• [Work request]
Please filter the listing for the string "from" and copy each matching line.
_ _ _ _ _ _ _
(* Let $G$ and $H$ be connected nontrivial graphs, let $u,x\in V(G)$ and $v,y\in V(H)$. Then $(u,v)$ and $(x,y)$ are mutually maximally distant vertices in the strong product $G\boxtimes H$ if and only if one of the following conditions holds: (i) $u,x$ are mutually maximally distant in $G$ and $v,y$ are mutually maximally distant in $H$; (ii) $u,x$ are mutually maximally distant in $G$ and $v=y$; (iii) $v,y$ are mutually maximally distant in $H$ and $u=x$; (iv) $u,x$ are mutually maximally distant in $G$ and $d_G(u,x)>d_H(v,y)$; (v) $v,y$ are mutually maximally distant in $H$ and $d_G(u,x)<d_H(v,y)$.
   Context: All graphs are simple; $d_G$ denotes the shortest-path distance in $G$, and $N_G(u)$ the open neighborhood of $u$. A vertex $u$ is maximally distant from $v$ in $G$ if for every $w\in N_G(u)$, $d_G(v,w)\le d_G(u,v)$; $u$ and $v$ are mutually maximally distant if $u$ is maximally distant from $v$ and $v$ is maximally distant from $u$. The strong product $G\boxtimes H$ has vertex set $V(G)\times V(H)$, with $(a,b)$ and $(c,d)$ adjacent iff either ($a=c$ and $bd\in E(H)$), or ($ac\in E(G)$ and $b=d$), or ($ac\in E(G)$ and $bd\in E(H)$). A graph is nontrivial if it has at least two vertices. *)

theory Defs
  imports Main
begin

record 'a sgraph =
  verts :: "'a set"
  adj :: "'a \<Rightarrow> 'a \<Rightarrow> bool"

definition simple_graph :: "'a sgraph \<Rightarrow> bool" where
  "simple_graph G \<longleftrightarrow> finite (verts G) \<and>
     (\<forall>x y. adj G x y \<longrightarrow> x \<in> verts G \<and> y \<in> verts G) \<and>
     (\<forall>x y. adj G x y \<longrightarrow> adj G y x) \<and>
     (\<forall>x. \<not> adj G x x)"

definition walk_of_len :: "'a sgraph \<Rightarrow> 'a \<Rightarrow> 'a \<Rightarrow> nat \<Rightarrow> bool" where
  "walk_of_len G x y n \<longleftrightarrow> (\<exists>p :: nat \<Rightarrow> 'a. p 0 = x \<and> p n = y \<and>
     (\<forall>i\<le>n. p i \<in> verts G) \<and> (\<forall>i<n. adj G (p i) (p (Suc i))))"

definition connected_graph :: "'a sgraph \<Rightarrow> bool" where
  "connected_graph G \<longleftrightarrow> verts G \<noteq> {} \<and>
     (\<forall>x\<in>verts G. \<forall>y\<in>verts G. \<exists>n. walk_of_len G x y n)"

definition nontrivial :: "'a sgraph \<Rightarrow> bool" where
  "nontrivial G \<longleftrightarrow> 2 \<le> card (verts G)"

(* shortest-path distance (meaningful for vertices of a connected graph) *)
definition dist :: "'a sgraph \<Rightarrow> 'a \<Rightarrow> 'a \<Rightarrow> nat" where
  "dist G x y = (LEAST n. walk_of_len G x y n)"

definition nbhd :: "'a sgraph \<Rightarrow> 'a \<Rightarrow> 'a set" where
  "nbhd G u = {w. adj G u w}"

definition max_distant :: "'a sgraph \<Rightarrow> 'a \<Rightarrow> 'a \<Rightarrow> bool" where
  "max_distant G u v \<longleftrightarrow> (\<forall>w\<in>nbhd G u. dist G v w \<le> dist G u v)"

definition mutually_max_distant :: "'a sgraph \<Rightarrow> 'a \<Rightarrow> 'a \<Rightarrow> bool" where
  "mutually_max_distant G u v \<longleftrightarrow> max_distant G u v \<and> max_distant G v u"

definition strong_product :: "'a sgraph \<Rightarrow> 'b sgraph \<Rightarrow> ('a \<times> 'b) sgraph" where
  "strong_product G H = \<lparr> verts = verts G \<times> verts H,
     adj = (\<lambda>(a,b) (c,d). (a = c \<and> adj H b d) \<or> (adj G a c \<and> b = d) \<or> (adj G a c \<and> adj H b d)) \<rparr>"

end

theory Submission
  imports Defs
begin

text \<open>Distances in the strong product are the maxima of the factor distances: a pair of walks
is combined by letting the shorter one wait at its end, and conversely each projection of a
product walk is a walk with some steps stalled. Consequently a neighbour \<open>(a, b)\<close> of \<open>(u, v)\<close>
lies at distance \<open>max (d(x, a)) (d(y, b))\<close> from \<open>(x, y)\<close>, and since a neighbour of \<open>u\<close> is at most
one step further from \<open>x\<close> than \<open>u\<close> is, only the factor realising the larger distance can
obstruct maximal distance. Vertices at distance 0 are never mutually maximally distant in a
connected nontrivial graph, which removes the equal-distance case with \<open>u = x\<close> and \<open>v = y\<close>.\<close>

lemma walk_of_len_refl: "x \<in> verts G \<Longrightarrow> walk_of_len G x x 0"
  unfolding walk_of_len_def by (intro exI[of _ "\<lambda>_. x"]) simp

lemma walk_of_len_snoc:
  assumes "walk_of_len G x y n" "adj G y z" "z \<in> verts G"
  shows "walk_of_len G x z (Suc n)"
proof -
  obtain p where p: "p 0 = x" "p n = y" "\<forall>i\<le>n. p i \<in> verts G" "\<forall>i<n. adj G (p i) (p (Suc i))"
    using assms(1) unfolding walk_of_len_def by blast
  have "(p(Suc n := z)) 0 = x" "(p(Suc n := z)) (Suc n) = z" using p by simp_all
  moreover have "\<forall>i\<le>Suc n. (p(Suc n := z)) i \<in> verts G"
    using p assms(3) by (auto simp: le_Suc_eq)
  moreover have "\<forall>i<Suc n. adj G ((p(Suc n := z)) i) ((p(Suc n := z)) (Suc i))"
    using p assms(2) by (auto simp: less_Suc_eq)
  ultimately show ?thesis unfolding walk_of_len_def by blast
qed

lemma walk_of_len_rev:
  assumes "simple_graph G" "walk_of_len G x y n"
  shows "walk_of_len G y x n"
proof -
  obtain p where p: "p 0 = x" "p n = y" "\<forall>i\<le>n. p i \<in> verts G" "\<forall>i<n. adj G (p i) (p (Suc i))"
    using assms(2) unfolding walk_of_len_def by blast
  have "adj G (p (n - i)) (p (n - Suc i))" if "i < n" for i
  proof -
    have "adj G (p (n - Suc i)) (p (Suc (n - Suc i)))" using p(4) that by simp
    moreover have "Suc (n - Suc i) = n - i" using that by simp
    ultimately show ?thesis using assms(1) unfolding simple_graph_def by metis
  qed
  then show ?thesis unfolding walk_of_len_def using p by (intro exI[of _ "\<lambda>i. p (n - i)"]) simp
qed

lemma dist_le: "walk_of_len G x y n \<Longrightarrow> dist G x y \<le> n"
  unfolding dist_def by (rule Least_le)

lemma walk_of_len_dist:
  assumes "connected_graph G" "x \<in> verts G" "y \<in> verts G"
  shows "walk_of_len G x y (dist G x y)"
  using assms unfolding connected_graph_def dist_def by (meson LeastI_ex)

lemma dist_eq_0_iff:
  assumes "connected_graph G" "x \<in> verts G" "y \<in> verts G"
  shows "dist G x y = 0 \<longleftrightarrow> x = y"
proof
  assume "dist G x y = 0"
  then show "x = y" using walk_of_len_dist[OF assms] unfolding walk_of_len_def by auto
next
  assume "x = y"
  then show "dist G x y = 0" using dist_le[OF walk_of_len_refl[OF assms(2)]] by simp
qed

lemma dist_commute:
  assumes "simple_graph G" "connected_graph G" "x \<in> verts G" "y \<in> verts G"
  shows "dist G x y = dist G y x"
  using dist_le[OF walk_of_len_rev[OF assms(1) walk_of_len_dist[OF assms(2,3,4)]]]
    dist_le[OF walk_of_len_rev[OF assms(1) walk_of_len_dist[OF assms(2,4,3)]]] by simp

lemma dist_nbhd_le:
  assumes "simple_graph G" "connected_graph G" "x \<in> verts G" "u \<in> verts G" "a \<in> nbhd G u"
  shows "dist G x a \<le> Suc (dist G x u)"
proof -
  have "adj G u a" "a \<in> verts G" using assms(1,5) unfolding nbhd_def simple_graph_def by auto
  then show ?thesis using dist_le[OF walk_of_len_snoc[OF walk_of_len_dist[OF assms(2,3,4)]]] by simp
qed

lemma has_neighbour:
  assumes "simple_graph G" "connected_graph G" "nontrivial G" "u \<in> verts G"
  obtains w where "adj G u w"
proof -
  have "\<not> verts G \<subseteq> {u}"
    using assms(3) card_mono[of "{u}" "verts G"] unfolding nontrivial_def by auto
  then obtain w where w: "w \<in> verts G" "w \<noteq> u" by blast
  then obtain n p where p: "p 0 = u" "p n = w" "\<forall>i<n. adj G (p i) (p (Suc i))"
    using assms(2,4) unfolding connected_graph_def walk_of_len_def by meson
  then have "n > 0" using w by (cases n) auto
  then show ?thesis using p that by force
qed

lemma not_max_distant_self:
  assumes "simple_graph G" "connected_graph G" "nontrivial G" "u \<in> verts G"
  shows "\<not> max_distant G u u"
proof
  assume max: "max_distant G u u"
  obtain w where w: "adj G u w" using has_neighbour[OF assms] .
  then have "w \<in> verts G" "w \<noteq> u" using assms(1) unfolding simple_graph_def by blast+
  moreover have "dist G u w = 0"
    using max w dist_eq_0_iff[OF assms(2,4,4)] unfolding max_distant_def nbhd_def by auto
  ultimately show False using dist_eq_0_iff[OF assms(2,4)] by blast
qed

definition weak_hom :: "'a sgraph \<Rightarrow> 'b sgraph \<Rightarrow> ('a \<Rightarrow> 'b) \<Rightarrow> bool" where
  "weak_hom G' G f \<longleftrightarrow> (\<forall>a\<in>verts G'. f a \<in> verts G) \<and>
     (\<forall>a b. adj G' a b \<longrightarrow> f a = f b \<or> adj G (f a) (f b))"

lemma dist_weak_hom_le:
  assumes f: "weak_hom G' G f" and "walk_of_len G' s t k"
  shows "dist G (f s) (f t) \<le> k"
proof -
  obtain r where r: "r 0 = s" "r k = t" "\<forall>i\<le>k. r i \<in> verts G'"
    "\<forall>i<k. adj G' (r i) (r (Suc i))"
    using assms(2) unfolding walk_of_len_def by blast
  have "i \<le> k \<longrightarrow> (\<exists>m\<le>i. walk_of_len G (f s) (f (r i)) m)" for i
  proof (induction i)
    case 0
    show ?case using r f walk_of_len_refl unfolding weak_hom_def by fastforce
  next
    case (Suc i)
    show ?case
    proof
      assume i: "Suc i \<le> k"
      with Suc.IH obtain m where m: "m \<le> i" "walk_of_len G (f s) (f (r i)) m" by auto
      have "f (r i) = f (r (Suc i)) \<or> adj G (f (r i)) (f (r (Suc i)))"
        using f r(4) i unfolding weak_hom_def by simp
      moreover have "f (r (Suc i)) \<in> verts G" using f r(3) i unfolding weak_hom_def by simp
      ultimately show "\<exists>m\<le>Suc i. walk_of_len G (f s) (f (r (Suc i))) m"
        using m walk_of_len_snoc by (metis Suc_le_mono le_SucI)
    qed
  qed
  then show ?thesis using r(2) dist_le by (meson le_refl order_trans)
qed

lemma weak_hom_fst: "weak_hom (strong_product G H) G fst"
  unfolding weak_hom_def strong_product_def by auto

lemma weak_hom_snd: "weak_hom (strong_product G H) H snd"
  unfolding weak_hom_def strong_product_def by auto

lemma walk_of_len_strong_product:
  assumes "walk_of_len G u x m" "walk_of_len H v y n"
  shows "walk_of_len (strong_product G H) (u, v) (x, y) (max m n)"
proof -
  obtain p where p: "p 0 = u" "p m = x" "\<forall>i\<le>m. p i \<in> verts G" "\<forall>i<m. adj G (p i) (p (Suc i))"
    using assms(1) unfolding walk_of_len_def by blast
  obtain q where q: "q 0 = v" "q n = y" "\<forall>i\<le>n. q i \<in> verts H" "\<forall>i<n. adj H (q i) (q (Suc i))"
    using assms(2) unfolding walk_of_len_def by blast
  define r where "r i = (p (min i m), q (min i n))" for i
  have "adj (strong_product G H) (r i) (r (Suc i))" if "i < max m n" for i
  proof -
    have "i < m \<and> adj G (p (min i m)) (p (min (Suc i) m)) \<or>
        \<not> i < m \<and> p (min i m) = p (min (Suc i) m)"
      using p(4) by (cases "i < m") (auto simp: min_def)
    moreover have "i < n \<and> adj H (q (min i n)) (q (min (Suc i) n)) \<or>
        \<not> i < n \<and> q (min i n) = q (min (Suc i) n)"
      using q(4) by (cases "i < n") (auto simp: min_def)
    ultimately show ?thesis using that unfolding r_def strong_product_def by auto
  qed
  moreover have "r i \<in> verts (strong_product G H)" if "i \<le> max m n" for i
    using p(3) q(3) unfolding r_def strong_product_def by auto
  moreover have "r 0 = (u, v)" "r (max m n) = (x, y)" using p q unfolding r_def by (auto simp: min_def)
  ultimately show ?thesis unfolding walk_of_len_def by blast
qed

lemma dist_strong_product:
  assumes "connected_graph G" "connected_graph H"
    "u \<in> verts G" "x \<in> verts G" "v \<in> verts H" "y \<in> verts H"
  shows "dist (strong_product G H) (u, v) (x, y) = max (dist G u x) (dist H v y)"
proof -
  have walk: "walk_of_len (strong_product G H) (u, v) (x, y) (max (dist G u x) (dist H v y))"
    using walk_of_len_strong_product
      walk_of_len_dist[OF assms(1,3,4)] walk_of_len_dist[OF assms(2,5,6)] .
  then have shortest:
      "walk_of_len (strong_product G H) (u, v) (x, y) (dist (strong_product G H) (u, v) (x, y))"
    unfolding dist_def by (rule LeastI)
  show ?thesis
    using dist_le[OF walk] dist_weak_hom_le[OF weak_hom_fst shortest]
      dist_weak_hom_le[OF weak_hom_snd shortest] by simp
qed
_ _ _ _ _ _ _
• [Answer to this problem]
   Context: All graphs are simple; $d_G$ denotes the shortest-path distance in $G$, and $N_G(u)$ the open neighborhood of $u$. A vertex $u$ is maximally distant from $v$ in $G$ if for every $w\in N_G(u)$, $d_G(v,w)\le d_G(u,v)$; $u$ and $v$ are mutually maximally distant if $u$ is maximally distant from $v$ and $v$ is maximally distant from $u$. The strong product $G\boxtimes H$ has vertex set $V(G)\times V(H)$, with $(a,b)$ and $(c,d)$ adjacent iff either ($a=c$ and $bd\in E(H)$), or ($ac\in E(G)$ and $b=d$), or ($ac\in E(G)$ and $bd\in E(H)$). A graph is nontrivial if it has at least two vertices. *)
lies at distance \<open>max (d(x, a)) (d(y, b))\<close> from \<open>(x, y)\<close>, and since a neighbour of \<open>u\<close> is at most
one step further from \<open>x\<close> than \<open>u\<close> is, only the factor realising the larger distance can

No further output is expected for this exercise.